Сомнения в скором взятии Москвы и крахе в России ненавистного ему большевистского режима закрались у белогвардейца позже, зимой, когда на подступах к столице СССР потерпела поражение армия рейха. Невольно вспомнилась прочитанная еще в двадцатые годы книга «Закат Европы» немецкого философа правого толка Освальда Шпенглера, где довольно смело утверждалось: война с Россией была бы для Германии безумием, крахом, ибо на огромном протяжении фронта затеряются не только германские армии.
«Чушь, еврейские россказни! — отогнал от себя крамольные мысли Краснов. — Германская армия сегодня сильнейшая в мире. С ее помощью в России навсегда будет покончено с красной чумой. Если не через восемь недель, как обещал Гитлер, то, по крайней мере, в будущем, сорок втором году».

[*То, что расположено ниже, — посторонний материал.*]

lemma det2_eq_0_imp_parallel:
  assumes "det2 a b = 0" and "a \<noteq> 0"
  obtains t where "b = t *\<^sub>R a"
proof (cases "a$1 = 0")
  case True
  then have "a$2 \<noteq> 0" using assms(2) by (metis exhaust_2 vec_eq_iff zero_index)
  moreover have "b$1 = 0" using assms(1) True \<open>a$2 \<noteq> 0\<close> by (simp add: det2_def)
  ultimately have "b = (b$2 / a$2) *\<^sub>R a" using True by (simp add: vec_eq_iff forall_2)
  then show thesis by (rule that)
next
  case False
  have "b$2 = b$1 / a$1 * a$2"
    using assms(1) False by (simp add: det2_def field_simps)
  then have "b = (b$1 / a$1) *\<^sub>R a" using False by (simp add: vec_eq_iff forall_2)
  then show thesis by (rule that)
qed

locale urtc_plane = plane_norm +
  assumes urtc: "urtc_norm N"
begin

lemma apexes_card_2:
  assumes "N (A - B) = 1"
  shows "finite {x. N (A - x) = 1 \<and> N (B - x) = 1}" "card {x. N (A - x) = 1 \<and> N (B - x) = 1} = 2"
  using urtc assms unfolding urtc_norm_def by blast+

text \<open>The two apexes of a unit triangle over a unit segment are point reflections of each
  other through its midpoint, so by the URTC property there are no others.\<close>
lemma second_apex:
  assumes "N (A - B) = 1"
    and "N (A - X) = 1" "N (B - X) = 1"
    and "N (A - Y) = 1" "N (B - Y) = 1"
    and "X \<noteq> Y"
  shows "Y = A + B - X"
proof -
  define T where "T = {x. N (A - x) = 1 \<and> N (B - x) = 1}"
  have "finite T" "card T = 2" unfolding T_def using apexes_card_2[OF assms(1)] by simp_all
  have sub: "{X, A + B - X} \<subseteq> T" using assms(2,3) unfolding T_def by (simp add: N_commute[of X])
  have "X \<noteq> A + B - X"
  proof
    assume "X = A + B - X"
    then have "X + X = A + B" by (metis diff_add_cancel)
    then have "A - B = 2 *\<^sub>R (A - X)" by (simp add: scaleR_2 algebra_simps)
    then show False using assms(1,2) by (simp add: N_scaleR)
  qed
  then have "card {X, A + B - X} = 2" by simp
  then have "T = {X, A + B - X}"
    using card_subset_eq[OF \<open>finite T\<close> sub] \<open>card T = 2\<close> by simp
  moreover have "Y \<in> T" using assms(4,5) unfolding T_def by simp
  ultimately show ?thesis using assms(6) by auto
qed

definition unit_triangle :: "real^2 \<Rightarrow> real^2 \<Rightarrow> bool" where
  "unit_triangle a b \<longleftrightarrow> N a = 1 \<and> N b = 1 \<and> N (a - b) = 1"

lemma unit_triangle_commute: "unit_triangle a b \<Longrightarrow> unit_triangle b a"
  and unit_triangle_diff_right: "unit_triangle a b \<Longrightarrow> unit_triangle a (a - b)"
  and unit_triangle_minus: "unit_triangle a b \<Longrightarrow> unit_triangle (- a) (- b)"
  unfolding unit_triangle_def by (auto simp: N_commute[of a])

lemma unit_triangle_exists: "N a = 1 \<Longrightarrow> \<exists>b. unit_triangle a b"
proof -
  assume "N a = 1"
  then have "card {x. N (a - x) = 1 \<and> N (0 - x) = 1} = 2"
    using apexes_card_2(2)[of a 0] by simp
  then have "{x. N (a - x) = 1 \<and> N (0 - x) = 1} \<noteq> {}" by (metis card.empty zero_neq_numeral)
  then obtain b where "N (a - b) = 1" "N (0 - b) = 1" by blast
  with \<open>N a = 1\<close> show ?thesis unfolding unit_triangle_def by auto
qed

lemma unit_triangle_unique:
  assumes "unit_triangle a b" "unit_triangle a c" "b \<noteq> c"
  shows "c = a - b"
  using second_apex[of a 0 b c] assms unfolding unit_triangle_def by simp

lemma unit_triangle_sum_not_unit:
  assumes "unit_triangle a b"
  shows "N (a + b) \<noteq> 1"
proof
  assume "N (a + b) = 1"
  with assms have "unit_triangle a (a + b)" unfolding unit_triangle_def by simp
  moreover have "b \<noteq> a + b" using assms unfolding unit_triangle_def by auto
  ultimately have "a + b = a - b" using unit_triangle_unique assms by blast
  moreover have "(a + b) - (a - b) = 2 *\<^sub>R b" by (simp add: scaleR_2)
  ultimately have "b = 0" by simp
  then show False using assms unfolding unit_triangle_def by simp
qed

lemma unit_triangle_sum_ge_1:
  assumes "unit_triangle a b"
  shows "1 \<le> N (a + b)"
proof -
  have "2 = N (2 *\<^sub>R a)" using assms unfolding unit_triangle_def by (simp add: N_scaleR)
  also have "\<dots> = N ((a + b) + (a - b))" by (simp add: scaleR_2)
  also have "\<dots> \<le> N (a + b) + N (a - b)" by (rule N_triangle)
  finally show ?thesis using assms unfolding unit_triangle_def by simp
qed

definition pos_unit_triangles :: "((real^2) \<times> (real^2)) set" where
  "pos_unit_triangles = {(a, b). unit_triangle a b \<and> 0 \<le> det2 a b}"

lemma compact_pos_unit_triangles: "compact pos_unit_triangles"
proof -
  have "pos_unit_triangles \<subseteq> unit_sphere \<times> unit_sphere"
    unfolding pos_unit_triangles_def unit_triangle_def unit_sphere_def by auto
  then have "bounded pos_unit_triangles"
    using bounded_Times[OF bounded_unit_sphere bounded_unit_sphere] bounded_subset by blast
  moreover have "closed pos_unit_triangles"
    unfolding pos_unit_triangles_def unit_triangle_def case_prod_unfold
    by (intro closed_Collect_conj closed_Collect_eq closed_Collect_le continuous_intros)
  ultimately show ?thesis by (simp add: compact_eq_bounded_closed)
qed
(* Let $X_t$ and $Y_t$ be two independent real-valued Lévy processes and assume $X_t$ has the local coupling property. Then the Lévy process $X_t+Y_t$ has the local coupling property.
   Context: A real-valued Lévy process is regarded as a Markov process on $\mathbb{R}$. The local coupling property: for every $x\in\mathbb{R}$ and $\epsilon>0$ there exists $\delta>0$ such that for every $y$ with $|y-x|<\delta$ there is a coupling $(X_t,Y_t)$ of the laws of the process started at $x$ and at $y$, such that $T=\inf\{t\ge0:X_t=Y_t\}$ satisfies $P(T>\epsilon)<\epsilon$. *)

theory Defs
  imports "HOL-Probability.Probability"
begin

text \<open>Real-valued stochastic processes are functions  real => 'a => real  on a
  probability space; only times t >= 0 are relevant.\<close>

definition cadlag :: "(real \<Rightarrow> real) \<Rightarrow> bool" where
  "cadlag f \<longleftrightarrow>
     (\<forall>t\<ge>0. continuous (at_right t) f) \<and>
     (\<forall>t>0. \<exists>l. (f \<longlongrightarrow> l) (at_left t))"

definition levy_process :: "'a measure \<Rightarrow> (real \<Rightarrow> 'a \<Rightarrow> real) \<Rightarrow> bool" where
  "levy_process M X \<longleftrightarrow>
     prob_space M \<and>
     (\<forall>t\<ge>0. X t \<in> borel_measurable M) \<and>
     (AE \<omega> in M. X 0 \<omega> = 0) \<and>
     \<comment> \<open>independent increments\<close>
     (\<forall>(n::nat) (s::nat \<Rightarrow> real). 0 \<le> s 0 \<and> (\<forall>i<n. s i < s (Suc i)) \<longrightarrow>
        prob_space.indep_vars M (\<lambda>_. borel)
          (\<lambda>i \<omega>. X (s (Suc i)) \<omega> - X (s i) \<omega>) {..<n}) \<and>
     \<comment> \<open>stationary increments\<close>
     (\<forall>s t. 0 \<le> s \<and> s \<le> t \<longrightarrow>
        distr M borel (\<lambda>\<omega>. X t \<omega> - X s \<omega>) = distr M borel (X (t - s))) \<and>
     \<comment> \<open>stochastic continuity\<close>
     (\<forall>e>0. ((\<lambda>t. measure M {\<omega>\<in>space M. \<bar>X t \<omega>\<bar> > e}) \<longlongrightarrow> 0) (at_right 0)) \<and>
     \<comment> \<open>cadlag paths (almost surely)\<close>
     (AE \<omega> in M. cadlag (\<lambda>t. X t \<omega>))"

definition same_law ::
  "'b measure \<Rightarrow> (real \<Rightarrow> 'b \<Rightarrow> real) \<Rightarrow> 'a measure \<Rightarrow> (real \<Rightarrow> 'a \<Rightarrow> real) \<Rightarrow> bool" where
  "same_law N Z M W \<longleftrightarrow>
     (\<forall>t\<ge>0. Z t \<in> borel_measurable N) \<and> (\<forall>t\<ge>0. W t \<in> borel_measurable M) \<and>
     (\<forall>J. finite J \<and> J \<subseteq> {0..} \<longrightarrow>
        distr N (PiM J (\<lambda>_. borel)) (\<lambda>\<omega>. \<lambda>t\<in>J. Z t \<omega>) =
        distr M (PiM J (\<lambda>_. borel)) (\<lambda>\<omega>. \<lambda>t\<in>J. W t \<omega>))"

text \<open>Coupling time T = inf {t >= 0. Xc t = Yc t} (infimum of the empty set is \<infinity>).\<close>
definition coupling_time :: "(real \<Rightarrow> 'b \<Rightarrow> real) \<Rightarrow> (real \<Rightarrow> 'b \<Rightarrow> real) \<Rightarrow> 'b \<Rightarrow> ereal" where
  "coupling_time Xc Yc \<omega> = Inf {ereal t | t. t \<ge> 0 \<and> Xc t \<omega> = Yc t \<omega>}"
(* Let $k\geq 2$ be an even integer, let $\Psi_k(x) = x^k - 2x^{k-1} - x^{k-2} - \cdots - x - 1$, and let $\gamma_1, \ldots, \gamma_k$ be the roots of $\Psi_k$ labeled so that $\gamma_1 > |\gamma_2| \geq |\gamma_3| \geq \cdots \geq |\gamma_k|$, where $\gamma_1$ is the unique root of $\Psi_k$ outside the unit circle. Then $$\frac{|\gamma_{k-1}|}{|\gamma_k|} > 1 + \frac{1}{k^{k^2}}.$$
   Context: It is known that $\Psi_k$ is irreducible over $\mathbb{Q}$ and has exactly one root outside the unit circle, which is real and greater than $1$; all other roots lie strictly inside the unit circle. For even $k$, $\gamma_k$ denotes the real root of $\Psi_k$ of smallest modulus in this labeling. *)

theory Defs
  imports "HOL-Computational_Algebra.Computational_Algebra"
begin

definition Psi :: "nat \<Rightarrow> complex poly" where
  "Psi k = monom 1 k - smult 2 (monom 1 (k - 1)) - (\<Sum>i<k - 1. monom 1 i)"

end

theory Submission
  imports Defs
begin

text \<open>
  For even \<open>k\<close>, \<open>(z - 1) \<Psi>\<^sub>k(z) = 1 - \<Phi>\<^sub>k(-z)\<close> with
  \<open>\<Phi>\<^sub>k(w) = w^(k+1) + 3 w^k + w^(k-1)\<close>. Since \<open>\<Phi>\<^sub>k\<close> has nonnegative coefficients,
  every root \<open>z\<close> satisfies \<open>\<Phi>\<^sub>k(|z|) \<ge> 1 = \<Phi>\<^sub>k(\<rho>)\<close>, where \<open>\<rho> > 0\<close> solves
  \<open>\<Phi>\<^sub>k(\<rho>) = 1\<close>; so \<open>|z| \<ge> \<rho>\<close>, and \<open>-\<rho>\<close>, a simple root, is \<open>\<gamma>\<^sub>k\<close>.
  For every other root, \<open>w = -z\<close> lies off the positive axis, and \<open>Im \<Phi>\<^sub>k(w) = 0\<close>
  forces \<open>|arg w| > \<pi>/(k+1)\<close>. This makes the triangle inequality lossy by a definite
  amount, \<open>\<Phi>\<^sub>k(|w|)^2 \<ge> 1 + 3 |w|^(2k) / (k+1)^2\<close>, while \<open>\<Phi>\<^sub>k(|w|) \<le> (1 + \<epsilon>)^(k+1)\<close>
  whenever \<open>|w| \<le> (1 + \<epsilon>) \<rho>\<close>. For \<open>\<epsilon> = k^(-k^2)\<close> the two bounds are incompatible
  once \<open>k \<ge> 4\<close>; for \<open>k = 2\<close> the roots are \<open>1 \<plusminus> \<surd>2\<close> and the claim is checked directly.
\<close>

lemma sin_ge_half_x:
  fixes x :: real
  assumes "0 \<le> x" "x \<le> pi / 3"
  shows "x / 2 \<le> sin x"
proof -
  have "\<And>u. 0 \<le> u \<Longrightarrow> u \<le> x \<Longrightarrow> ((\<lambda>x. sin x - x / 2) has_real_derivative cos u - 1 / 2) (at u)"
    by (auto intro!: derivative_eq_intros)
  moreover have "0 \<le> cos u - 1 / 2" if "0 \<le> u" "u \<le> x" for u
  proof -
    have "cos (pi / 3) \<le> cos u"
      using that assms by (intro cos_monotone_0_pi_le) auto
    then show ?thesis by (simp add: cos_60)
  qed
  ultimately have "sin 0 - 0 / 2 \<le> sin x - x / 2"
    by (intro DERIV_nonneg_imp_nondecreasing[OF assms(1)]) blast
  then show ?thesis by simp
qed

И он стал поспешно сочинять пространные докладные записки, вновь и вновь, не уставая, напоминать о себе, своем богатом опыте в борьбе с большевиками, с нетерпением ожидая той минуты, того часа, когда о нем вспомнят и призовут для активной деятельности. И вот — дождался! Услышана молитва, которую в пасхальном номере напечатала издающаяся в Берлине русская эмигрантская газета «Новое слово»: «Да сохраним мы наши души в смиренной готовности служению родине до того Святого дня, когда кремлевские колокола возвестят миру о воскрешении Спасителя!». Под «спасителем», безусловно, подразумевалась фашистская Германия, на которую уповали в своих молитвах многие белогвардейцы.